Although it has this state, there are actually no OSDs connected to it

root@helper:~# tail /var/log/ceph/ceph-osd.1.log
AddFile(L0 Files): cumulative 0, interval 0
AddFile(Keys): cumulative 0, interval 0
Cumulative compaction: 0.00 GB write, 0.00 MB/s write, 0.00 GB read, 
0.00 MB/s read, 0.0 seconds
Interval compaction: 0.00 GB write, 0.00 MB/s write, 0.00 GB read, 0.00 
MB/s read, 0.0 seconds
Stalls(count): 0 level0_slowdown, 0 level0_slowdown_with_compaction, 0 
level0_numfiles, 0 level0_numfiles_with_compaction, 0 stop for 
pending_compaction_bytes, 0 slowdown for pending_compaction_bytes, 0 
memtable_compaction, 0 memtable_slowdown, interval 0 total count

** File Read Latency Histogram By Level [P] **

2024-10-09T13:17:09.716+0300 7eff91d8a700  1 osd.1 45887 tick checking 
mon for new map
2024-10-09T13:17:39.864+0300 7eff91d8a700  1 osd.1 45887 tick checking 
mon for new map

2. Yes, I upgraded MON and OSDs to Pacific

root@helper:~# ceph-osd --version
ceph version 16.2.15 (12fd9dfef6998ac41c93f56885264a7d43a51b03) pacific 
(stable)
root@helper:~# ceph-mon --version
ceph version 16.2.15 (12fd9dfef6998ac41c93f56885264a7d43a51b03) pacific 
(stable)

3.
Yes, now MON started and OSDs started, but they cannot connect to MON. 
At the same time, the MON journal has a message:
/disallowing boot of octopus+ OSD osd.xx/
/
/
And I tried rebuild the MON with this ceph (Pacific) version and it is 
running now

On 09.10.24 12:35, Frédéric Nass wrote:
----- Le 8 Oct 24, à 15:24, Alex Rydzewskirydzewski.al@xxxxxxxxx  a écrit :

Hello, dear community!

I kindly ask for your help in resolving my issue.

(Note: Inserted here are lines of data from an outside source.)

lemma Phi_pos:
  assumes "\<epsilon> > 0"
    and mono: "\<And>i j. 1 \<le> i \<Longrightarrow> i \<le> j \<Longrightarrow> j \<le> d \<Longrightarrow> w j \<le> w i"
    and "1 \<le> k" "k \<le> d" "wmin w d k < wmax w d k"
  shows "Phi \<epsilon> w d k > 0"
proof -
  have "real d * wmin w d k \<le> real k * Wtot w d"
    using wmin_le_mean[OF mono \<open>k \<le> d\<close>] .
  then have "wmin w d k \<le> real k / real d * Wtot w d"
    using assms(3,4) by (simp add: field_simps)
  then show ?thesis
    unfolding Phi_eq using assms by (simp add: add_nonneg_pos)
qed

lemma sum_prob_add_eq_1:
  assumes "\<epsilon> > 0"
    and mono: "\<And>i j. 1 \<le> i \<Longrightarrow> i \<le> j \<Longrightarrow> j \<le> d \<Longrightarrow> w j \<le> w i"
    and "1 \<le> k" "k \<le> d" "wmin w d k < wmax w d k"
    and v: "(\<Sum>j=1..d. v j) = Wtot w d"
  shows "(\<Sum>S\<in>committees d k. prob_add \<epsilon> w d k v S) = 1"
proof -
  define E where "E = exp \<epsilon> - 1"
  define D where "D = wmax w d k - wmin w d k"
  define N where "N = real (d choose k)"
  define m where "m = wmin w d k"
  define W where "W = Wtot w d"
  have D: "D > 0" using assms(5) by (simp add: D_def)
  have "k * (d choose k) = d * ((d - 1) choose (k - 1))"
    using binomial_absorption[of "k - 1" d] assms(3) by simp
  then have "real k * N = real d * real ((d - 1) choose (k - 1))"
    unfolding N_def by (metis of_nat_mult)
  then have inner: "(\<Sum>S\<in>committees d k. \<Sum>j\<in>S. v j) = real k / real d * N * W"
    using sum_sum_committees[where k=k and d=d and v=v] v assms(3,4)
    by (simp add: W_def field_simps)
  have "E / D * (real k / real d * N * W - N * m) + N = N * (E * (real k / real d * W - m) + D) / D"
    using D by (simp add: field_simps)
  also have "\<dots> = Phi \<epsilon> w d k"
    unfolding Phi_eq E_def D_def N_def m_def W_def ..
  finally have numerator: "E / D * (real k / real d * N * W - N * m) + N = Phi \<epsilon> w d k" .
  have "prob_add \<epsilon> w d k v S = (E / D * ((\<Sum>j\<in>S. v j) - m) + 1) / Phi \<epsilon> w d k" for S
    unfolding prob_add_def E_def D_def m_def by (simp add: add_divide_distrib)
  then have "(\<Sum>S\<in>committees d k. prob_add \<epsilon> w d k v S)
      = (E / D * ((\<Sum>S\<in>committees d k. \<Sum>j\<in>S. v j) - N * m) + N) / Phi \<epsilon> w d k"
    by (simp add: sum_divide_distrib[symmetric] sum.distrib sum_distrib_left[symmetric]
        sum_subtractf card_committees N_def)
  also have "\<dots> = 1"
    unfolding inner numerator using Phi_pos[OF assms(1-5)] by simp
  finally show ?thesis .
qed

lemma l1_priv_view:
  assumes "S \<in> committees d k"
  shows "l1 d (priv_view \<epsilon> w d k S) =
     real k * \<bar>a_k \<epsilon> w d k - b_k \<epsilon> w d k\<bar> + real (d - k) * \<bar>b_k \<epsilon> w d k\<bar>"
proof -
  have S: "S \<subseteq> {1..d}" "card S = k" using assms by (auto simp: committees_def)
  have "l1 d (priv_view \<epsilon> w d k S)
      = (\<Sum>j=1..d. if j \<in> S then \<bar>a_k \<epsilon> w d k - b_k \<epsilon> w d k\<bar> else \<bar>b_k \<epsilon> w d k\<bar>)"
    unfolding l1_def priv_view_def by (intro sum.cong) auto
  then show ?thesis using S by (simp add: sum_if_mem card_Diff_subset finite_subset)
qed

I have a server with a single-node CEPH setup with 5 OSDs. This server
has been powered off for about two years, and when I needed the data
from it, I found that the SSD where the system was installed had died.

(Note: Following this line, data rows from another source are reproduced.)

(* Consider a population model with two biallelic causal variants (alleles $A_1,A_2$ and $B_1,B_2$) and a biallelic marker (alleles $M_1,M_2$), with ordered genotypes, in which the marker is in linkage disequilibrium with the first causal variant and in linkage equilibrium with the second causal variant, and Hardy–Weinberg equilibrium holds. Let $\pi\in(0,1)$ be the probability that a random individual is a case and $\pi_{kl}$ the probability of being a case given ordered genotype $(A_k,A_l)$ at the first causal variant, with $\pi_{12}=\pi_{21}$. Then \[ \frac{q_1^U-q_1^A}{\sqrt{q_1q_2}} \;=\; \Delta\,\frac{p_1^U-p_1^A}{\sqrt{p_1p_2}}, \qquad \Delta:=\frac{D_{11}}{\sqrt{p_1p_2q_1q_2}},\quad D_{11}=\mathrm{P}(A_1M_1)-p_1q_1 . \]
   Context: A random individual is drawn from a population. Each individual carries two ordered haplotypes, and at each of three loci (first causal variant with alleles $A_1,A_2$; second causal variant with alleles $B_1,B_2$; marker with alleles $M_1,M_2$) has an ordered genotype. The individual is a case (event $A$) or a control (event $U$). $p_i\in(0,1)$, $q_k\in(0,1)$ are the population frequencies of alleles $A_i$ and $M_k$ ($p_2=1-p_1$, $q_2=1-q_1$), and $\mathrm{P}(A_1M_1)$ the population frequency of haplotype $(A_1,M_1)$. $q_1^A,q_1^U$ are the frequencies of allele $M_1$ among cases and among controls, and $p_1^A,p_1^U$ the frequencies of allele $A_1$ among cases and among controls (allele frequency among a group $=$ probability of homozygous genotype plus half the probabilities of the two ordered heterozygous genotypes, within that group). The marker is not causal: given the genotypes at the two causal variants, case/control status is independent of the marker genotype. Linkage equilibrium of the marker with the second causal variant means that, given the genotype at the first causal variant, the marker genotype is independent of the genotype at the second causal variant. Hardy–Weinberg equilibrium means the two haplotypes of an individual are independent. *)

theory Defs
  imports "HOL-Probability.Probability"
begin
lemma ext_path_root_combination:
  assumes d: "1 \<le> d" "d \<le> l" and ext: "extensible d C" and aseq: "is_a_seq d C a"
    and supp: "\<forall>q>l. x q = 0" and s: "(\<Sum>i=1..l. x i * a i) = s * Delta d C"
  obtains b where "\<And>N q. l < N \<Longrightarrow> q \<in> {1..N - 1} \<Longrightarrow>
    gcm_app N (ext_path d C) (\<lambda>p. if p < l then b p else s) q = x q"
proof -
  let ?E = "ext_path d C" and ?D = "Delta d C"
  obtain v \<sigma> where const: "\<And>p. l \<le> p \<Longrightarrow> v p = \<sigma>"
    and tail: "\<And>L q. l \<le> L \<Longrightarrow> q \<in> {1..L} \<Longrightarrow>
      gcm_app L ?E v q = ?D * x q + (if q = L then \<sigma> else 0)"
    using ext_path_tail_solution[OF d supp] by metis
  have \<sigma>: "\<sigma> = s * ?D"
    by (rule tail_value_eq[OF d ext aseq supp s tail])
  have "?D dvd v p" if "p \<in> {1..l}" for p
  proof (rule dvd_solution_if_coprime_det[OF _ _ that])
    show "\<forall>q\<in>{1..l}. gcm_app l ?E v q = ?D * (x q + (if q = l then s else 0))"
      using tail[of l] \<sigma> by (simp add: algebra_simps)
    show "coprime (det (principal_mat l ?E)) ?D"
      using coprime_cdet_ext_path_Delta[OF d(1) ext, of "l - d"] d(2)
      by (simp add: cdet_eq_det_principal_mat)
  qed
  then have v: "v p = ?D * (if p < l then v p div ?D else s)" if "1 \<le> p" for p
    using that const \<sigma> by auto
  show ?thesis
  proof (rule that)
    fix N q assume N: "l < N" and q: "q \<in> {1..N - 1}"
    have "?D * gcm_app N ?E (\<lambda>p. if p < l then v p div ?D else s) q = gcm_app N ?E v q"
      unfolding gcm_app_scale[symmetric] by (rule gcm_app_cong) (use v in simp)
    also have "\<dots> = ?D * x q"
      using tail[of N q] N q by auto
    finally show "gcm_app N ?E (\<lambda>p. if p < l then v p div ?D else s) q = x q"
      using ext by (simp add: extensible_def)
  qed
qed

lemma Z_mat_eq_ext_path: "i \<le> d1 + k \<Longrightarrow> Z_mat d1 C1 d2 C2 k i j = ext_path d1 C1 i j"
  by (auto simp: Z_mat_def ext_mat_def Let_def)
(* For every integer $n\ge 2$, \[ \gamma_{2t}(K_n\Box K_{n+1})=\begin{cases}(3n+2)/2, & n\equiv 0\pmod 2,\\ (3n+3)/2, & n\equiv 1\pmod 2.\end{cases} \]
   Context: For a graph $G=(V,E)$, a set $S\subseteq V$ is a total $2$-dominating set if every vertex of $V$ (including those in $S$) is adjacent to at least $2$ vertices of $S$; $\gamma_{2t}(G)$ is the minimum cardinality of such a set. $G\Box H$ denotes the Cartesian product: vertex set $V(G)\times V(H)$, with $(u_1,v_1)\sim(u_2,v_2)$ iff either $u_1=u_2$ and $v_1\sim v_2$, or $v_1=v_2$ and $u_1\sim u_2$. $K_n$ is the complete graph on $n$ vertices. *)

theory Defs
  imports Main
begin

definition total_k_dominating :: "nat \<Rightarrow> 'a set \<Rightarrow> ('a \<Rightarrow> 'a \<Rightarrow> bool) \<Rightarrow> 'a set \<Rightarrow> bool" where
  "total_k_dominating k V adj S \<longleftrightarrow>
     S \<subseteq> V \<and> (\<forall>v\<in>V. k \<le> card {u\<in>S. adj v u})"

definition gamma_kt :: "nat \<Rightarrow> 'a set \<Rightarrow> ('a \<Rightarrow> 'a \<Rightarrow> bool) \<Rightarrow> nat" where
  "gamma_kt k V adj = (LEAST c. \<exists>S. finite S \<and> total_k_dominating k V adj S \<and> card S = c)"

definition K_verts :: "nat \<Rightarrow> nat set" where
  "K_verts n = {0..<n}"

definition K_adj :: "nat \<Rightarrow> nat \<Rightarrow> bool" where
  "K_adj u v \<longleftrightarrow> u \<noteq> v"

definition cart_verts :: "'a set \<Rightarrow> 'b set \<Rightarrow> ('a \<times> 'b) set" where
  "cart_verts V W = V \<times> W"

definition cart_adj :: "('a \<Rightarrow> 'a \<Rightarrow> bool) \<Rightarrow> ('b \<Rightarrow> 'b \<Rightarrow> bool) \<Rightarrow> 'a \<times> 'b \<Rightarrow> 'a \<times> 'b \<Rightarrow> bool" where
  "cart_adj adjG adjH p q \<longleftrightarrow>
     (fst p = fst q \<and> adjH (snd p) (snd q)) \<or> (snd p = snd q \<and> adjG (fst p) (fst q))"

end

theory Submission
  imports Defs Complex_Main
begin

(* View K_n \<box> K_m as an n \<times> m board: a set S of cells is total 2-dominating iff every cell
   sees at least two cells of S in its row and column. If some row misses S, every column must
   contain two cells of S, and symmetrically, so |S| \<ge> 2 min(n, m). Otherwise every cell s of S
   has row and column counts r_s, c_s with r_s + c_s \<ge> 4, hence 1/r_s + 1/c_s \<le> 4/3; summing
   over S counts each row and each column exactly once, so n + m \<le> 4|S|/3. For m = n + 1 both
   cases give 2|S| \<ge> 3n + 2.
   Conversely, stars of six cells placed on consecutive 4 \<times> 4 diagonal blocks, appended to an
   explicit configuration on a p \<times> (p + 1) board with 3 \<le> p \<le> 6, give 2|S| \<le> 3n + 3. *)

definition row :: "('a \<times> 'b) set \<Rightarrow> 'a \<Rightarrow> ('a \<times> 'b) set" where
  "row S i = {v \<in> S. fst v = i}"

definition col :: "('a \<times> 'b) set \<Rightarrow> 'b \<Rightarrow> ('a \<times> 'b) set" where
  "col S j = {v \<in> S. snd v = j}"

lemma row_insert: "row (insert v S) i = (if fst v = i then insert v (row S i) else row S i)"
  by (auto simp: row_def)

lemma col_insert: "col (insert v S) j = (if snd v = j then insert v (col S j) else col S j)"
  by (auto simp: col_def)

lemma row_empty [simp]: "row {} i = {}"
  by (simp add: row_def)

lemma col_empty [simp]: "col {} j = {}"
  by (simp add: col_def)

lemma row_Un: "row (S \<union> S') i = row S i \<union> row S' i"
  by (auto simp: row_def)

lemma col_Un: "col (S \<union> S') j = col S j \<union> col S' j"
  by (auto simp: col_def)

lemma row_eq_empty_iff: "row S i = {} \<longleftrightarrow> i \<notin> fst ` S"
  by (force simp: row_def)

lemma col_eq_empty_iff: "col S j = {} \<longleftrightarrow> j \<notin> snd ` S"
  by (force simp: col_def)

lemma card_rook_neighbours:
  assumes "finite S"
  shows "card {u \<in> S. cart_adj K_adj K_adj v u} =
    card (row S (fst v) - {v}) + card (col S (snd v) - {v})"
proof -
  have "{u \<in> S. cart_adj K_adj K_adj v u} = (row S (fst v) - {v}) \<union> (col S (snd v) - {v})"
    by (auto simp: row_def col_def cart_adj_def K_adj_def prod_eq_iff)
  moreover have "(row S (fst v) - {v}) \<inter> (col S (snd v) - {v}) = {}"
    by (auto simp: row_def col_def prod_eq_iff)
  ultimately show ?thesis
    using assms by (simp add: card_Un_disjoint row_def col_def)
qed

definition dominating_pattern :: "'a set \<Rightarrow> 'b set \<Rightarrow> ('a \<times> 'b) set \<Rightarrow> bool" where
  "dominating_pattern A B S \<longleftrightarrow> fst ` S = A \<and> snd ` S = B \<and>
     (\<forall>v\<in>S. 4 \<le> card (row S (fst v)) + card (col S (snd v)))"

lemma total_2_dominating_rook_iff:
  assumes "finite S" "fst ` S = A" "snd ` S = B"
  shows "total_k_dominating 2 (A \<times> B) (cart_adj K_adj K_adj) S \<longleftrightarrow> dominating_pattern A B S"
proof -
  have fin: "finite (row S i)" "finite (col S j)" for i j
    using assms(1) by (simp_all add: row_def col_def)
  have in_lines: "v \<in> row S (fst v)" "v \<in> col S (snd v)" if "v \<in> S" for v
    using that by (simp_all add: row_def col_def)
  have degree_in:
    "card {u \<in> S. cart_adj K_adj K_adj v u} + 2 = card (row S (fst v)) + card (col S (snd v))"
    if "v \<in> S" for v
  proof -
    have "card (row S (fst v)) \<ge> 1" "card (col S (snd v)) \<ge> 1"
      using in_lines[OF that] fin by (auto simp: Suc_le_eq card_gt_0_iff)
    then show ?thesis
      using card_rook_neighbours[OF assms(1)] in_lines[OF that] fin by simp
  qed
  have degree_out: "2 \<le> card {u \<in> S. cart_adj K_adj K_adj v u}" if "v \<in> A \<times> B" "v \<notin> S" for v
  proof -
    have "row S (fst v) \<noteq> {}" "col S (snd v) \<noteq> {}"
      using that(1) assms(2,3) by (force simp: row_def col_def)+
    then have "0 < card (row S (fst v))" "0 < card (col S (snd v))"
      using fin by (simp_all add: card_gt_0_iff)
    moreover have "row S (fst v) - {v} = row S (fst v)" "col S (snd v) - {v} = col S (snd v)"
      using that(2) by (auto simp: row_def col_def)
    ultimately show ?thesis
      using card_rook_neighbours[OF assms(1), of v] by simp
  qed
  have sub: "S \<subseteq> A \<times> B"
    using subset_fst_snd assms(2,3) by blast
  show ?thesis
  proof
    assume dom: "total_k_dominating 2 (A \<times> B) (cart_adj K_adj K_adj) S"
    have "4 \<le> card (row S (fst v)) + card (col S (snd v))" if "v \<in> S" for v
    proof -
      have "2 \<le> card {u \<in> S. cart_adj K_adj K_adj v u}"
        using dom sub that unfolding total_k_dominating_def by blast
      then show ?thesis
        using degree_in[OF that] by linarith
    qed
    then show "dominating_pattern A B S"
      using assms(2,3) by (simp add: dominating_pattern_def)
  next
    assume pattern: "dominating_pattern A B S"
    have "2 \<le> card {u \<in> S. cart_adj K_adj K_adj v u}" if "v \<in> A \<times> B" for v
    proof (cases "v \<in> S")
      case True
      then have "4 \<le> card (row S (fst v)) + card (col S (snd v))"
        using pattern by (simp add: dominating_pattern_def)
      then show ?thesis
        using degree_in[OF True] by linarith
    next
      case False
      then show ?thesis
        using degree_out[OF that] by simp
    qed
    then show "total_k_dominating 2 (A \<times> B) (cart_adj K_adj K_adj) S"
      using sub by (simp add: total_k_dominating_def)
  qed
qed

lemma card_eq_sum_card_fibres:
  assumes "finite S" "finite B" "f ` S \<subseteq> B"
  shows "card S = (\<Sum>y\<in>B. card {x \<in> S. f x = y})"
  using sum.group[OF assms, of "\<lambda>_. 1::nat"] by simp

lemma sum_inverse_card_fibres:
  assumes "finite S"
  shows "(\<Sum>x\<in>S. 1 / real (card {y \<in> S. f y = f x})) = real (card (f ` S))"
proof -
  have "(\<Sum>x\<in>S. 1 / real (card {y \<in> S. f y = f x}))
      = (\<Sum>z\<in>f ` S. \<Sum>x\<in>{x \<in> S. f x = z}. 1 / real (card {y \<in> S. f y = f x}))"
    by (rule sum.image_gen[OF assms])
  also have "\<dots> = (\<Sum>z\<in>f ` S. 1)"
  proof (rule sum.cong[OF refl])
    fix z assume "z \<in> f ` S"
    then have "card {x \<in> S. f x = z} \<noteq> 0"
      using assms by auto
    then show "(\<Sum>x\<in>{x \<in> S. f x = z}. 1 / real (card {y \<in> S. f y = f x})) = 1"
      by simp
  qed
  finally show ?thesis by simp
qed

lemma inverse_add_inverse_le_four_thirds:
  fixes r c :: nat
  assumes "1 \<le> r" "1 \<le> c" "4 \<le> r + c"
  shows "1 / real r + 1 / real c \<le> 4 / 3"
proof -
  have "3 * (r + c) \<le> 4 * (r * c)"
  proof (cases "r \<le> 2")
    case True
    then have "r = 1 \<or> r = 2"
      using assms(1) by linarith
    then show ?thesis
      using assms(3) by auto
  next
    case False
    then have "3 * c \<le> r * c" by simp
    moreover have "r \<le> r * c" using assms(2) by simp
    ultimately show ?thesis by arith
  qed
  then have "real (3 * (r + c)) \<le> real (4 * (r * c))"
    by (simp only: of_nat_le_iff)
  then show ?thesis
    using assms(1,2) by (simp add: divide_simps)
qed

I tried to recover the cluster. First, assuming the old CEPH is there I
installed Debian 10 with CEPH 12.2.11, mounted the OSDs to
/var/lib/ceph/osd/ceph-xx and assembled the monitor, as described here
https://forum.proxmox.com/threads/recover-ceph-from-osds-only.113699/.

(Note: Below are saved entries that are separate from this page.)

lemma tridiagonal_outflow_tail_sq_le:
  assumes tri: "tridiagonal n K" and rs: "row_stochastic n K" and rev: "reversible_wrt n K \<pi>"
    and i: "i + 1 < n" and q: "0 < K i (i+1)"
    and dens: "prob_density n \<pi> Q"
  defines "r \<equiv> \<Sum>j\<in>{i+1..<n}. \<pi> j * Q j"
  shows "(\<Sum>j\<in>{i+1..<n}. \<pi> j * outflow n K Q \<psi> j)\<^sup>2
           \<le> action_density n K \<pi> Q \<psi> * edge_mean (K (i+1) i) (K i (i+1)) r"
proof -
  have db: "\<And>j k. j < n \<Longrightarrow> k < n \<Longrightarrow> \<pi> j * K j k = \<pi> k * K k j"
    and \<pi>pos: "\<And>j. j < n \<Longrightarrow> 0 < \<pi> j"
    using rev unfolding reversible_wrt_def by auto
  have Qnn: "\<And>j. j < n \<Longrightarrow> 0 \<le> Q j"
    using dens unfolding prob_density_def by auto
  have left: "\<pi> i * Q i \<le> 1 - r" and right: "\<pi> (i+1) * Q (i+1) \<le> r"
    unfolding r_def using prob_density_tail_bounds[OF dens \<pi>pos i] by auto
  have Knn: "\<And>j k. j < n \<Longrightarrow> k < n \<Longrightarrow> 0 \<le> K j k"
    using rs unfolding row_stochastic_def by auto
  define c where "c = \<pi> i * K i (i+1)"
  define B where "B = log_mean (Q i) (Q (i+1))"
  have c: "0 < c"
    unfolding c_def using \<pi>pos[of i] i q by simp
  have B: "0 \<le> B"
    unfolding B_def using Qnn i by (intro log_mean_nonneg) auto
  have edge: "c * (\<psi> (i+1) - \<psi> i)\<^sup>2 * B \<le> action_density n K \<pi> Q \<psi>"
    unfolding c_def B_def using Knn \<pi>pos db[of i "i+1"] Qnn i
    by (intro action_density_ge_edge) (auto simp: less_imp_le)
  have "c * B = log_mean (K i (i+1) * (\<pi> i * Q i)) (K (i+1) i * (\<pi> (i+1) * Q (i+1)))"
    unfolding B_def c_def using db[of i "i+1"] i c log_mean_mult[OF c, of "Q i" "Q (i+1)"]
    by (simp add: c_def algebra_simps)
  also have "\<dots> \<le> log_mean (K i (i+1) * (1 - r)) (K (i+1) i * r)"
    using left right Knn[of i "i+1"] Knn[of "i+1" i] \<pi>pos[of i] \<pi>pos[of "i+1"] Qnn[of i] Qnn[of "i+1"] i
    by (intro log_mean_mono mult_left_mono) auto
  finally have cB: "c * B \<le> edge_mean (K (i+1) i) (K i (i+1)) r"
    unfolding edge_mean_def by (simp add: log_mean_commute)
  have flux: "(\<Sum>j\<in>{i+1..<n}. \<pi> j * outflow n K Q \<psi> j) = c * (\<psi> i - \<psi> (i+1)) * B"
    unfolding c_def B_def by (rule tridiagonal_outflow_tail[OF tri db i])
  have "(\<Sum>j\<in>{i+1..<n}. \<pi> j * outflow n K Q \<psi> j)\<^sup>2 = (c * (\<psi> (i+1) - \<psi> i)\<^sup>2 * B) * (c * B)"
    unfolding flux by (simp add: power2_eq_square algebra_simps)
  also have "\<dots> \<le> action_density n K \<pi> Q \<psi> * edge_mean (K (i+1) i) (K i (i+1)) r"
    using edge cB c B by (intro mult_mono) (auto intro: order_trans[rotated, OF edge])
  finally show ?thesis .
qed

lemma edge_interpolant_affine:
  "edge_interpolant \<pi> i x j = unit_vec i j / \<pi> j + (unit_vec (i+1) j / \<pi> j - unit_vec i j / \<pi> j) * x"
  by (cases "\<pi> j = 0") (simp_all add: edge_interpolant_def field_simps)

However, the monitor wouldn't start, giving an error I don't remember.
Then I made a series of mistakes, upgrading the system and CEPH first to
Nautilus and then to Pacific. Eventually, I managed to start the
monitor, but a compatibility issue with the OSDs remains.

When the OSDs start, I see the message: /check_osdmap_features
require_osd_release unknown -> luminous
/At the same time, the monitor log shows: /disallowing boot of octopus+
OSD osd.xx.
/After starting, the OSD remains in the state: /tick checking mon for
new map/
Hi Alex,

Correct me if I got this wrong:

1. You repaired the MON database while OSDs were still on Luminous
2. You upgraded MONs and OSDs to Pacific
3. MONs now start but won't allow Pacific OSDs to join the cluster

Have you tried repairing the MON database again, now that the OSDs are running Pacific? (Make sure to back up the previously repaired MON database before attempting this.)

Regards,
Frédéric

Then I enabledmsgrv2 protocol and tried enabling RocksDB sharding for
the OSD, as described here
https://docs.ceph.com/en/latest/rados/configuration/bluestore-config-ref/#bluestore-rocksdb-sharding,
but it didn’t help.

Attempts to start the OSD with lower versions of CEPH event with Octopus
end with the error:
/2024-10-08 10:45:38.402975 7fba61b34ec0 -1 bluefs _replay 0x0: stop:
unrecognized op 12
2024-10-08 10:45:38.402992 7fba61b34ec0 -1 bluefs mount failed to replay
log: (5) Input/output error/

So, currently, I have CEPH 16.2.15, and the OSD is in the following state:

/"/var/lib/ceph/osd/ceph-1/block": {
     "osd_uuid": "2bb56721-28c7-45cc-9344-6cc5c699a642",
     "size": 4000681103360,
     "btime": "2018-06-02 13:16:57.042205",
     "description": "main",
     "bfm_blocks": "61045632",
     "bfm_blocks_per_key": "128",
     "bfm_bytes_per_block": "65536",
     "bfm_size": "4000681099264",
     "bluefs": "1",
     "ceph_fsid": "96b6ff1d-25bf-403f-be3d-78c2fb0ff747",
     "kv_backend": "rocksdb",
     "magic": "ceph osd volume v026",
     "mkfs_done": "yes",
     "ready": "ready",
     "require_osd_release": "12",
     "whoami": "1"
}/

with modified RocksDB to enable sharding.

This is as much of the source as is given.